lemma exists_flat_direction:
  assumes "1 \<le> n" "finite Y" "card Y < CARD('p)" "0 \<le> \<omega>"
    and bounded: "\<And>z. z \<in> X \<Longrightarrow> norm (f t z) \<le> B"
    and close: "\<And>z y. z \<in> X \<Longrightarrow> y \<in> Y \<Longrightarrow> dist z y < R \<Longrightarrow> norm (f t z - f t y) \<le> \<omega>"
  obtains e where "norm e = 1"
    "e \<bullet> (info n t *v e) \<le> \<omega>\<^sup>2 + B\<^sup>2 * (real (visits x n (- (\<Union>y\<in>Y. ball y R))) / real n)"
proof -
  define Far where "Far = - (\<Union>y\<in>Y. ball y R)"
  obtain e where e: "norm e = 1" and orth: "\<And>y. y \<in> Y \<Longrightarrow> e \<bullet> f t y = 0"
    using exists_unit_orthogonal_image[OF assms(2,3)] by blast
  have "(e \<bullet> f t (x i))\<^sup>2 \<le> \<omega>\<^sup>2 + (if x i \<in> Far then B\<^sup>2 else 0)" if "1 \<le> i" for i
  proof (cases "x i \<in> Far")
    case True
    have "\<bar>e \<bullet> f t (x i)\<bar> \<le> B"
      using Cauchy_Schwarz_ineq2[of e "f t (x i)"] bounded[OF x_in_X[OF that]] e by simp
    then have "(e \<bullet> f t (x i))\<^sup>2 \<le> B\<^sup>2" by (metis abs_ge_zero power2_abs power_mono)
    then show ?thesis using True by (simp add: add_increasing)
  next
    case False
    then obtain y where y: "y \<in> Y" "dist (x i) y < R" by (auto simp: Far_def dist_commute)
    have "\<bar>e \<bullet> f t (x i)\<bar> \<le> norm e * norm (f t (x i) - f t y)"
      using Cauchy_Schwarz_ineq2[of e "f t (x i) - f t y"] orth[OF y(1)] by (simp add: inner_diff_right)
    also have "\<dots> \<le> \<omega>" using close[OF x_in_X[OF that] y] e by simp
    finally have "(e \<bullet> f t (x i))\<^sup>2 \<le> \<omega>\<^sup>2" by (metis abs_ge_zero power2_abs power_mono)
    then show ?thesis using False by simp
  qed
  then have "(\<Sum>i=1..n. (e \<bullet> f t (x i))\<^sup>2) \<le> (\<Sum>i=1..n. \<omega>\<^sup>2 + (if x i \<in> Far then B\<^sup>2 else 0))"
    by (intro sum_mono) auto
  also have "\<dots> = real n * \<omega>\<^sup>2 + B\<^sup>2 * real (visits x n Far)"
    by (simp add: sum.distrib sum.If_cases visits_def Int_def conj_commute)
  finally have "e \<bullet> (info n t *v e) \<le> \<omega>\<^sup>2 + B\<^sup>2 * (real (visits x n Far) / real n)"
    using assms(1) by (simp add: info_matrix_emp_design_quadratic field_simps)
  with e show thesis unfolding Far_def by (rule that)
qed

lemma max_sensitivity_ge_of_few_far:
  assumes "n_st \<le> t" "0 < N" "finite Y" "card Y < CARD('p)" "Y \<subseteq> X"
    and bounded: "\<And>z. z \<in> X \<Longrightarrow> norm (f (\<theta> t) z) \<le> B"
    and close: "\<And>z y. z \<in> X \<Longrightarrow> y \<in> X \<Longrightarrow> dist z y < R \<Longrightarrow>
      dist (f (\<theta> t) z) (f (\<theta> t) y) < sqrt (signal / (32 * N))"
    and few_far: "B\<^sup>2 * real (visits x t (- (\<Union>y\<in>Y. ball y R))) \<le> signal / (32 * N) * real t"
  shows "16 * N \<le> max_sensitivity t"
proof -
  have t: "1 \<le> t" using assms(1) n_st_pos by linarith
  have close_Y: "norm (f (\<theta> t) z - f (\<theta> t) y) \<le> sqrt (signal / (32 * N))"
    if "z \<in> X" "y \<in> Y" "dist z y < R" for z y
    using close[OF that(1) _ that(3)] \<open>Y \<subseteq> X\<close> that(2) by (force simp: dist_norm)
  obtain e where e: "norm e = 1" and flat: "e \<bullet> (info t (\<theta> t) *v e)
      \<le> (sqrt (signal / (32 * N)))\<^sup>2 + B\<^sup>2 * (real (visits x t (- (\<Union>y\<in>Y. ball y R))) / real t)"
    by (rule exists_flat_direction[OF t assms(3,4) _ bounded close_Y]) (use signal_pos \<open>0 < N\<close> in auto)
  have "(sqrt (signal / (32 * N)))\<^sup>2 + B\<^sup>2 * (real (visits x t (- (\<Union>y\<in>Y. ball y R))) / real t)
      \<le> signal / (16 * N)"
    using few_far t signal_pos \<open>0 < N\<close> by (simp add: field_simps)
  with flat have "e \<bullet> (info t (\<theta> t) *v e) \<le> signal / (16 * N)" by linarith
  then have "signal \<le> max_sensitivity t * (signal / (16 * N))"
    using signal_le_max_sensitivity[OF assms(1) e] max_sensitivity_pos[OF assms(1)]
    by (meson mult_left_mono less_imp_le order_trans)
  then show ?thesis
    using signal_pos \<open>0 < N\<close> by (simp add: field_simps)
qed

lemma max_sensitivity_small_in_second_half:
  assumes "finite C" "C \<noteq> {}" and cover: "X \<subseteq> (\<Union>c\<in>C. ball c (\<delta> / 2))"
    and near: "\<And>t z z'. t \<in> T \<Longrightarrow> z \<in> X \<Longrightarrow> z' \<in> X \<Longrightarrow> dist z z' < \<delta> \<Longrightarrow>
      dist (f t z) (f t z') < sqrt signal / 2"
    and m: "2 * n_st + 4 * card C + 3 \<le> m"
  shows "\<exists>t. m - m div 2 \<le> t \<and> t < m \<and> max_sensitivity t < 16 * real (card C)"
proof (rule ccontr)
  define N where "N = real (card C)"
  define k where "k = m - m div 2"
  have "1 \<le> N" using \<open>finite C\<close> \<open>C \<noteq> {}\<close> by (simp add: N_def Suc_le_eq card_gt_0_iff)
  assume "\<not> ?thesis"
  then have large: "16 * N \<le> max_sensitivity t" if "k \<le> t" "t < m" for t
    using that by (auto simp: N_def k_def not_less)
  have "real (visits x t (ball c (\<delta> / 2))) \<le> real m / (4 * N)"
    if "k \<le> t" "t < m" "x (Suc t) \<in> ball c (\<delta> / 2)" for t c
  proof -
    have "n_st \<le> t" using that m by (simp add: k_def)
    then have "real (visits x t (ball c (\<delta> / 2))) \<le> real t / (4 * N)"
      using large[OF that(1,2)] near[OF \<theta>_in_T] \<open>1 \<le> N\<close> that(3)
      by (intro visits_ball_next_point_le) auto
    also have "\<dots> \<le> real m / (4 * N)"
      using that(2) \<open>1 \<le> N\<close> by (simp add: divide_right_mono)
    finally show ?thesis .
  qed
  then have "real (m - k) \<le> real (card C) * (real m / (4 * N) + 1)"
  proof (intro steps_le_by_cell_visits[OF \<open>finite C\<close>])
    fix i assume "k < i" "i \<le> m"
    then have "x i \<in> X" by (intro x_in_X) simp
    then show "\<exists>c\<in>C. x i \<in> ball c (\<delta> / 2)" using cover by blast
  qed (use \<open>1 \<le> N\<close> in auto)
  then have "real (m - k) \<le> real m / 4 + N"
    using \<open>1 \<le> N\<close> by (simp add: N_def field_simps)
  moreover have "real m \<le> 2 * real (m - k) + 1" by (simp add: k_def)
  ultimately show False using m by (simp add: N_def)
qed

lemma far_mass_gt:
  fixes B :: real
  assumes "0 < B" and bounded: "\<And>t z. t \<in> T \<Longrightarrow> z \<in> X \<Longrightarrow> norm (f t z) \<le> B"
    and "finite C" "C \<noteq> {}" and cover: "X \<subseteq> (\<Union>c\<in>C. ball c (\<delta> / 2))"
    and near: "\<And>t z z'. t \<in> T \<Longrightarrow> z \<in> X \<Longrightarrow> z' \<in> X \<Longrightarrow> dist z z' < \<delta> \<Longrightarrow>
      dist (f t z) (f t z') < sqrt signal / 2"
    and close: "\<And>t z z'. t \<in> T \<Longrightarrow> z \<in> X \<Longrightarrow> z' \<in> X \<Longrightarrow> dist z z' < R \<Longrightarrow>
      dist (f t z) (f t z') < sqrt (signal / (32 * real (card C)))"
    and m: "2 * n_st + 4 * card C + 3 \<le> m" and "Y \<subseteq> X" "finite Y" "card Y < CARD('p)"
  shows "signal / (64 * real (card C) * B\<^sup>2) * real m < real (visits x m (- (\<Union>y\<in>Y. ball y R)))"
proof (rule ccontr)
  (* The constants make the perturbation and the far mass each contribute signal / (32 N) to a
     flat direction, so that max_sensitivity >= 16 N on the second half. *)
  define N where "N = real (card C)"
  define Far where "Far = - (\<Union>y\<in>Y. ball y R)"
  obtain t where t: "m - m div 2 \<le> t" "t < m" and small: "max_sensitivity t < 16 * N"
    using max_sensitivity_small_in_second_half[OF \<open>finite C\<close> \<open>C \<noteq> {}\<close> cover near m]
    unfolding N_def by blast
  have "n_st \<le> t" "m \<le> 2 * t" using t m by auto
  assume few_far: "\<not> ?thesis"
  have "B\<^sup>2 * real (visits x t Far) \<le> B\<^sup>2 * real (visits x m Far)"
    using visits_mono[of t m x Far] \<open>t < m\<close> by (simp add: mult_left_mono)
  also have "\<dots> \<le> B\<^sup>2 * (signal / (64 * N * B\<^sup>2) * m)"
    using few_far by (intro mult_left_mono) (simp_all add: N_def Far_def not_less)
  also have "\<dots> = signal / (64 * N) * real m" using \<open>0 < B\<close> by (simp add: field_simps)
  also have "\<dots> \<le> signal / (64 * N) * (2 * real t)"
    using \<open>m \<le> 2 * t\<close> signal_pos by (intro mult_left_mono) (simp_all add: N_def)
  finally have "B\<^sup>2 * real (visits x t Far) \<le> signal / (32 * N) * real t"
    by (simp add: ac_simps)
  then have "16 * N \<le> max_sensitivity t"
    using \<open>finite C\<close> \<open>C \<noteq> {}\<close> bounded[OF \<theta>_in_T] close[OF \<theta>_in_T] \<open>n_st \<le> t\<close>
    by (intro max_sensitivity_ge_of_few_far[OF \<open>n_st \<le> t\<close> _ \<open>finite Y\<close> \<open>card Y < CARD('p)\<close> \<open>Y \<subseteq> X\<close>])
      (simp_all add: Far_def N_def card_gt_0_iff)
  with small show False by linarith
qed

lemma eventually_far_mass_gt:
  obtains \<epsilon> R m0 where "0 < \<epsilon>" "0 < R" "n_st \<le> m0"
    "\<And>m Y. m0 \<le> m \<Longrightarrow> Y \<subseteq> X \<Longrightarrow> finite Y \<Longrightarrow> card Y < CARD('p) \<Longrightarrow>
      \<epsilon> * real m < real (visits x m (- (\<Union>y\<in>Y. ball y R)))"
proof -
  have "compact ((\<lambda>(z, t). f t z) ` (X \<times> T))"
    by (rule compact_continuous_image[OF continuous_f compact_Times[OF compact_X compact_T]])
  then obtain B where "0 < B" and B: "\<And>v. v \<in> (\<lambda>(z, t). f t z) ` (X \<times> T) \<Longrightarrow> norm v \<le> B"
    using compact_imp_bounded bounded_pos by metis
  have bounded: "norm (f t z) \<le> B" if "t \<in> T" "z \<in> X" for t z
    using B[of "f t z"] that by force
  obtain \<delta> where "0 < \<delta>" and near: "\<And>t z z'. t \<in> T \<Longrightarrow> z \<in> X \<Longrightarrow> z' \<in> X \<Longrightarrow> dist z z' < \<delta> \<Longrightarrow>
      dist (f t z) (f t z') < sqrt signal / 2"
    by (rule compact_uniformly_equicontinuous[OF compact_X compact_T continuous_f, of "sqrt signal / 2"])
      (use signal_pos in auto)
  obtain C where "finite C" "C \<subseteq> X" and cover: "X \<subseteq> (\<Union>c\<in>C. ball c (\<delta> / 2))"
    using compact_finite_ball_cover[OF compact_X] \<open>0 < \<delta>\<close> by (metis half_gt_zero)
  have "C \<noteq> {}" using cover X_nonempty by auto
  then have "0 < card C" using \<open>finite C\<close> by (simp add: card_gt_0_iff)
  obtain R where "0 < R" and close: "\<And>t z z'. t \<in> T \<Longrightarrow> z \<in> X \<Longrightarrow> z' \<in> X \<Longrightarrow> dist z z' < R \<Longrightarrow>
      dist (f t z) (f t z') < sqrt (signal / (32 * real (card C)))"
    by (rule compact_uniformly_equicontinuous[OF compact_X compact_T continuous_f,
          of "sqrt (signal / (32 * real (card C)))"])
      (use signal_pos \<open>0 < card C\<close> in auto)
  show thesis
  proof (rule that[of "signal / (64 * real (card C) * B\<^sup>2)" R "2 * n_st + 4 * card C + 3"])
    show "0 < signal / (64 * real (card C) * B\<^sup>2)"
      using signal_pos \<open>0 < card C\<close> \<open>0 < B\<close> by simp
  qed (use \<open>0 < R\<close> far_mass_gt[OF \<open>0 < B\<close> bounded \<open>finite C\<close> \<open>C \<noteq> {}\<close> cover near close] in auto)
qed

end

theorem lemma2p3:
  fixes X :: "'a::metric_space set" and T :: "'b::metric_space set"
    and f :: "'b \<Rightarrow> 'a \<Rightarrow> real^'p"
    and x :: "nat \<Rightarrow> 'a" and \<theta> :: "nat \<Rightarrow> 'b" and n_st :: nat
  assumes "compact X" "X \<noteq> {}" "compact T" "T \<noteq> {}"
    and "\<And>t. t \<in> T \<Longrightarrow> span (f t ` X) = UNIV"
    and "continuous_on (X \<times> T) (\<lambda>(z, t). f t z)"
    and "CARD('p) \<ge> 2"
    and "\<And>i. 1 \<le> i \<Longrightarrow> i \<le> n_st \<Longrightarrow> x i \<in> X"
    and "\<And>t. t \<in> T \<Longrightarrow> pos_def (info_matrix f (emp_design x n_st) t)"
    and "\<And>n. n \<ge> n_st \<Longrightarrow> \<theta> n \<in> T"
    and "\<And>n. n \<ge> n_st \<Longrightarrow> x (Suc n) \<in> X \<and>
          (\<forall>z\<in>X. f (\<theta> n) z \<bullet> (matrix_inv (info_matrix f (emp_design x n) (\<theta> n)) *v f (\<theta> n) z)
               \<le> f (\<theta> n) (x (Suc n)) \<bullet> (matrix_inv (info_matrix f (emp_design x n) (\<theta> n)) *v f (\<theta> n) (x (Suc n))))"
  shows "\<exists>n0\<ge>n_st. \<exists>\<pi>0>0. \<exists>d0>0. \<forall>n\<ge>n0. \<exists>S :: 'p \<Rightarrow> 'a set.
           (\<forall>j. S j \<subseteq> X \<and> design_meas (emp_design x n) (S j) \<ge> \<pi>0 \<and> diameter (S j) \<le> d0)
         \<and> (\<forall>j k. j \<noteq> k \<longrightarrow> setdist (S j) (S k) \<ge> d0)"
proof -
  interpret sequential_design X T f x \<theta> n_st
    using assms(1-4,6,8-11) by unfold_locales
  obtain \<epsilon> R m0 where "0 < \<epsilon>" "0 < R" "n_st \<le> m0" and far: "\<And>m Y. m0 \<le> m \<Longrightarrow> Y \<subseteq> X \<Longrightarrow>
      finite Y \<Longrightarrow> card Y < CARD('p) \<Longrightarrow> \<epsilon> * real m < real (visits x m (- (\<Union>y\<in>Y. ball y R)))"
    by (rule eventually_far_mass_gt) blast
  obtain C where C: "finite C" "C \<subseteq> X" "X \<subseteq> (\<Union>c\<in>C. ball c (R / 5))"
    using compact_finite_ball_cover[OF compact_X, of "R / 5"] \<open>0 < R\<close> by auto
  have "0 < real (card C)"
    using C X_nonempty by (auto simp: card_gt_0_iff)
  have "\<exists>S :: 'p \<Rightarrow> 'a set.
           (\<forall>j. S j \<subseteq> X \<and> design_meas (emp_design x n) (S j) \<ge> \<epsilon> / card C \<and> diameter (S j) \<le> 2 * (R / 5))
         \<and> (\<forall>j k. j \<noteq> k \<longrightarrow> setdist (S j) (S k) \<ge> 2 * (R / 5))" if "m0 \<le> n" for n
  proof (rule separated_heavy_balls[OF _ _ _ C x_in_X])
    fix Y :: "'a set" assume "Y \<subseteq> X" "finite Y" "card Y < CARD('p)"
    then show "real (card C) * (\<epsilon> / card C) * real n < real (visits x n (- (\<Union>y\<in>Y. ball y (5 * (R / 5)))))"
      using far[OF that] \<open>0 < real (card C)\<close> by simp
  qed (use \<open>0 < R\<close> \<open>0 < \<epsilon>\<close> that \<open>n_st \<le> m0\<close> n_st_pos in auto)
  then show ?thesis
    using \<open>n_st \<le> m0\<close> \<open>0 < \<epsilon>\<close> \<open>0 < R\<close> \<open>0 < real (card C)\<close>
    by (intro exI[of _ m0] conjI exI[of _ "\<epsilon> / card C"] exI[of _ "2 * (R / 5)"]) auto
qed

|---|

_Exercise_. Lines from the one containing "using \<open>n_st \<le>" through the final line of the entries above are to be output exactly; omit all others.

_Finished task_.
    using \<open>n_st \<le> m0\<close> \<open>0 < \<epsilon>\<close> \<open>0 < R\<close> \<open>0 < real (card C)\<close>
    by (intro exI[of _ m0] conjI exI[of _ "\<epsilon> / card C"] exI[of _ "2 * (R / 5)"]) auto
qed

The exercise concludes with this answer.